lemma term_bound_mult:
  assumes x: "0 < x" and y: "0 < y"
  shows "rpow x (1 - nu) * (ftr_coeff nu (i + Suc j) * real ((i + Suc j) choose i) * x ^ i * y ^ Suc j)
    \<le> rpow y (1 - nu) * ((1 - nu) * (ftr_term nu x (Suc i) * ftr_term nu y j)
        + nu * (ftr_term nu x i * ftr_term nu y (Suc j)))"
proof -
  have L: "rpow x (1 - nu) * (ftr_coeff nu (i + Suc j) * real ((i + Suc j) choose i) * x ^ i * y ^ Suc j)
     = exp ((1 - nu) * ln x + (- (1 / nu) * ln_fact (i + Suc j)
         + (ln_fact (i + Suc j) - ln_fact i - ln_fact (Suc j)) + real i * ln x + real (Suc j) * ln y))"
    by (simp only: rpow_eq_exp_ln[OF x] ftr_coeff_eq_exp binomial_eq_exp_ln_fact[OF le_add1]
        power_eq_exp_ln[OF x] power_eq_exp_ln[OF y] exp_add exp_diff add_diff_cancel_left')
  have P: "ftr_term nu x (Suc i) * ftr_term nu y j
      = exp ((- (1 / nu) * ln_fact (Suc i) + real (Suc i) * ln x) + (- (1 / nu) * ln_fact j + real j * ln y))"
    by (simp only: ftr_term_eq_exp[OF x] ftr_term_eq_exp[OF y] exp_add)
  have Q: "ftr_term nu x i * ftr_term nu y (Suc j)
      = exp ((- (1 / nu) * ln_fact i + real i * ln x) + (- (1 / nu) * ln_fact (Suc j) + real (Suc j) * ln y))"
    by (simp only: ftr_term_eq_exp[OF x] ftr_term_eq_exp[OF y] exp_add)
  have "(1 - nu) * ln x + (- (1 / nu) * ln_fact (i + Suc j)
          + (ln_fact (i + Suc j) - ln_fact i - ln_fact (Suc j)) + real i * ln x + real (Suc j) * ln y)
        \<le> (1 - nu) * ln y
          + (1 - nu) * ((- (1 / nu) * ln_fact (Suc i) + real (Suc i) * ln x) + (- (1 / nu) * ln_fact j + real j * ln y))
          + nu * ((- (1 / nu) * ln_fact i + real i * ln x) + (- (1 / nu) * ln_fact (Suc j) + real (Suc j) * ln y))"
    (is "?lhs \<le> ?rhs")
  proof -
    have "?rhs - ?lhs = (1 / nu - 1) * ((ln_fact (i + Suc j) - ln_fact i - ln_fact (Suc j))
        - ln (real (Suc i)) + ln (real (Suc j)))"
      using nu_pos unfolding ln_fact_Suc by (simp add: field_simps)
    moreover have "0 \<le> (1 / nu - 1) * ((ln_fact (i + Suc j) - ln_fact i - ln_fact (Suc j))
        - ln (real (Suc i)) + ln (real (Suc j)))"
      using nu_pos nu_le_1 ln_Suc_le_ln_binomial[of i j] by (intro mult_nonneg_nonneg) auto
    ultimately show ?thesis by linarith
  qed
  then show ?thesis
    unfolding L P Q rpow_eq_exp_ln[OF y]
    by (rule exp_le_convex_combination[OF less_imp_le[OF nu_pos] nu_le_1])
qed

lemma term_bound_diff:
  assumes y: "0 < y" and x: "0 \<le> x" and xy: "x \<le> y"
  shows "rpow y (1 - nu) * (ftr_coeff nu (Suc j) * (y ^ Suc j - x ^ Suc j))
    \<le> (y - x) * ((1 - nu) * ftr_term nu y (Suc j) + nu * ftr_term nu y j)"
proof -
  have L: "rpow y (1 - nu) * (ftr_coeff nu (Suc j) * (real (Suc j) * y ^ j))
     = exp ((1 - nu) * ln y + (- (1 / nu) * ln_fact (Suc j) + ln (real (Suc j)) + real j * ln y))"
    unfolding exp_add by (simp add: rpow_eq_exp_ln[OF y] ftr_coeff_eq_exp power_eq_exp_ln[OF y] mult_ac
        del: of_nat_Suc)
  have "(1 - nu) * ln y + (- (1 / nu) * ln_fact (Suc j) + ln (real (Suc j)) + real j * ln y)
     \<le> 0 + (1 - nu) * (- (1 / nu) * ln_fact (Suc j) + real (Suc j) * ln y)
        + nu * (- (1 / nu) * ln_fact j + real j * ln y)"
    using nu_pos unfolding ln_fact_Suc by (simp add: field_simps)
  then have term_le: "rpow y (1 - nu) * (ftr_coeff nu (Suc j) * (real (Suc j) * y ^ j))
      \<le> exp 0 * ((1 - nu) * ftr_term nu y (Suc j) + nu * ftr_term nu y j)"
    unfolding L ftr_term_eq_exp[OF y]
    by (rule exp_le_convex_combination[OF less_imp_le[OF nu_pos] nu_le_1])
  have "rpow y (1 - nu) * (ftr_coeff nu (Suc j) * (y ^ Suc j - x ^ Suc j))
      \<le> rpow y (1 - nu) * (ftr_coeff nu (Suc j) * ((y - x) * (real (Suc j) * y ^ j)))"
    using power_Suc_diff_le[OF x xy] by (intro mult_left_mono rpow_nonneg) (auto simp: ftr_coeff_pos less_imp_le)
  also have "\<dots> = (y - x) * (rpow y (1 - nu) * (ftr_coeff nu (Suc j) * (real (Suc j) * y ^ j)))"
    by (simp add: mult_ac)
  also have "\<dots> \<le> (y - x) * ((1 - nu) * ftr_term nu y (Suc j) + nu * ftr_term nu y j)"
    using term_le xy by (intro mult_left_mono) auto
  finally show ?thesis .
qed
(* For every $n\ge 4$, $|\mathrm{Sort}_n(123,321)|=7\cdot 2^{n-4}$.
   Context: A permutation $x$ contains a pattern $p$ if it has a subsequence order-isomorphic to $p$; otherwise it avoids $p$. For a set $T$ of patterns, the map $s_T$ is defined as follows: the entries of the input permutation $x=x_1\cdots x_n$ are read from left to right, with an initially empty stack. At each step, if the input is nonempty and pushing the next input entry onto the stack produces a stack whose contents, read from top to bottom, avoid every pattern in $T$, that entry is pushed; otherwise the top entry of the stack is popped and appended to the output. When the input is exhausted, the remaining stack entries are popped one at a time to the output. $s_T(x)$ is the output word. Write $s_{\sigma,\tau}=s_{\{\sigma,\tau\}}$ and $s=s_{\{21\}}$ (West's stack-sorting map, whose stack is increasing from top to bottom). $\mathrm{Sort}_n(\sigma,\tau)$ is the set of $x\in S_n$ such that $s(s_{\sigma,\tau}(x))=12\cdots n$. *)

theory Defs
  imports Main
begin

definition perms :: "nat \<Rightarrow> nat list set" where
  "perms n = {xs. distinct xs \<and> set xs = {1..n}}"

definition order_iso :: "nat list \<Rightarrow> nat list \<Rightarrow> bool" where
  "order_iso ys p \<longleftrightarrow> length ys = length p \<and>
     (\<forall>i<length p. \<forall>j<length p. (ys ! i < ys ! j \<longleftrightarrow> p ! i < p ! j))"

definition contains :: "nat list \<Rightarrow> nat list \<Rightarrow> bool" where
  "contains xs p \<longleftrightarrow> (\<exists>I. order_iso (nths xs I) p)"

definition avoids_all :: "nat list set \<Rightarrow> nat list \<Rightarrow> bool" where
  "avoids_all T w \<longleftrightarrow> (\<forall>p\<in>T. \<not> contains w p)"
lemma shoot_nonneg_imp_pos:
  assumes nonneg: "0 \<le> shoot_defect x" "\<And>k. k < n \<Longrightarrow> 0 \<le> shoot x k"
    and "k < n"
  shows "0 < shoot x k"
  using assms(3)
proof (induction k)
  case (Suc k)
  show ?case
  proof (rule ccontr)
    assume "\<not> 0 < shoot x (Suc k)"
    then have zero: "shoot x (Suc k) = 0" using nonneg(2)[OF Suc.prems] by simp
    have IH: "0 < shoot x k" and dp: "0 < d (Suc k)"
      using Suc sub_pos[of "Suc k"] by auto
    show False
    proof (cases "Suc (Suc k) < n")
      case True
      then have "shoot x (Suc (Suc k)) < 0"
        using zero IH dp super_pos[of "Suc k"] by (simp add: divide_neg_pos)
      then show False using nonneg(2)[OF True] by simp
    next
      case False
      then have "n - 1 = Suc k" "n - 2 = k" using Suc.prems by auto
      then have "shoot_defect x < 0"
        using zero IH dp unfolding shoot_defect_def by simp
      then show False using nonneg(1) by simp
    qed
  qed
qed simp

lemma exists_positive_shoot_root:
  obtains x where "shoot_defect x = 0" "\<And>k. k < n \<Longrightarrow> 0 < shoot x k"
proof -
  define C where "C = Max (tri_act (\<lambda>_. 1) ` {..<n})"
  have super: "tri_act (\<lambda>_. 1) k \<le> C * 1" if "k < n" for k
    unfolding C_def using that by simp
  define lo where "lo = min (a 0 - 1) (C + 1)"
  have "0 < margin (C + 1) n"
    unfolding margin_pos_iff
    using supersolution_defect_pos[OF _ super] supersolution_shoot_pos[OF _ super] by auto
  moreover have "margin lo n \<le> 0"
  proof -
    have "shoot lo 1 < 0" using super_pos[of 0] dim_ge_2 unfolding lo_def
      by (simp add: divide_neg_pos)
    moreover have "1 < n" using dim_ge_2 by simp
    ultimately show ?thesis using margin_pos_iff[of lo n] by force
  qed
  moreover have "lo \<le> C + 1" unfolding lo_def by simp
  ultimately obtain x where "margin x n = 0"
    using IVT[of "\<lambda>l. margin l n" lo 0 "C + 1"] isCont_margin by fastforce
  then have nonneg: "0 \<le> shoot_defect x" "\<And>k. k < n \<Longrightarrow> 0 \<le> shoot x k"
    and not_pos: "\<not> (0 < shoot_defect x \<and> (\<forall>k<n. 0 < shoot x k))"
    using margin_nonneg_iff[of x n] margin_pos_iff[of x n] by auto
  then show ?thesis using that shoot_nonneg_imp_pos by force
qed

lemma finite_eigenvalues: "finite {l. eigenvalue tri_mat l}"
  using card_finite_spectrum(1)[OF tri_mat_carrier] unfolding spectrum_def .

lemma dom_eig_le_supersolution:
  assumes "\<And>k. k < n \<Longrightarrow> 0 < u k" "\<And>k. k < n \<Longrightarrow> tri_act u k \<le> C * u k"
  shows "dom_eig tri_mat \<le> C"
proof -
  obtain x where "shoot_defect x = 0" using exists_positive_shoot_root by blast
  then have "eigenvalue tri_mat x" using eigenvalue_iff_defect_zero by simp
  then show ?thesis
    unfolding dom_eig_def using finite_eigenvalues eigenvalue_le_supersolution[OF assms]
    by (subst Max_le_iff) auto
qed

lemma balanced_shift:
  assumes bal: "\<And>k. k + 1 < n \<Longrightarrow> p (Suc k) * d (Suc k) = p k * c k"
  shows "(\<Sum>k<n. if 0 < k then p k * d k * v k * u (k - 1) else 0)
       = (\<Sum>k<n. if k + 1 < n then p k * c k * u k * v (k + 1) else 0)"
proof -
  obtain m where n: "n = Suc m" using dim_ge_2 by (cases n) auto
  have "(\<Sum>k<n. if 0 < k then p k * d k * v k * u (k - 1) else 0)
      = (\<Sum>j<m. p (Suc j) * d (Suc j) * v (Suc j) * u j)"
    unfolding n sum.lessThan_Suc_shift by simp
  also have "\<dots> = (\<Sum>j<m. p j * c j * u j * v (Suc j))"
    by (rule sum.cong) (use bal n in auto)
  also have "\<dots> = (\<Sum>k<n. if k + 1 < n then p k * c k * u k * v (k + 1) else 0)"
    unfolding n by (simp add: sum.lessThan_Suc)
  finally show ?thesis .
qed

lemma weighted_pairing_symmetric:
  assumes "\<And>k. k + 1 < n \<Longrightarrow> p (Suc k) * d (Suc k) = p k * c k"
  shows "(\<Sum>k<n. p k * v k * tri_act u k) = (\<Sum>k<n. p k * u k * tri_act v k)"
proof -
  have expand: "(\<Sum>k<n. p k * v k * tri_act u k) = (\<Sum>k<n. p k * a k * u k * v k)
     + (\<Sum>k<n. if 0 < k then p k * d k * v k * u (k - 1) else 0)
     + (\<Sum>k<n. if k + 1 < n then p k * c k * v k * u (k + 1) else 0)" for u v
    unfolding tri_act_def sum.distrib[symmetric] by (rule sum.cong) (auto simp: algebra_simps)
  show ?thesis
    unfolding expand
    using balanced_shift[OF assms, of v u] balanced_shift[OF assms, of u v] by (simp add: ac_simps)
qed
☆ ☆ ☆
The answer must consist of every line from the entries above that contains "thesis".

    ultimately show ?thesis by linarith
  then show ?thesis
  finally show ?thesis .
    ultimately show ?thesis using margin_pos_iff[of lo n] by force
  then show ?thesis using that shoot_nonneg_imp_pos by force
  then show ?thesis
  finally show ?thesis .
  show ?thesis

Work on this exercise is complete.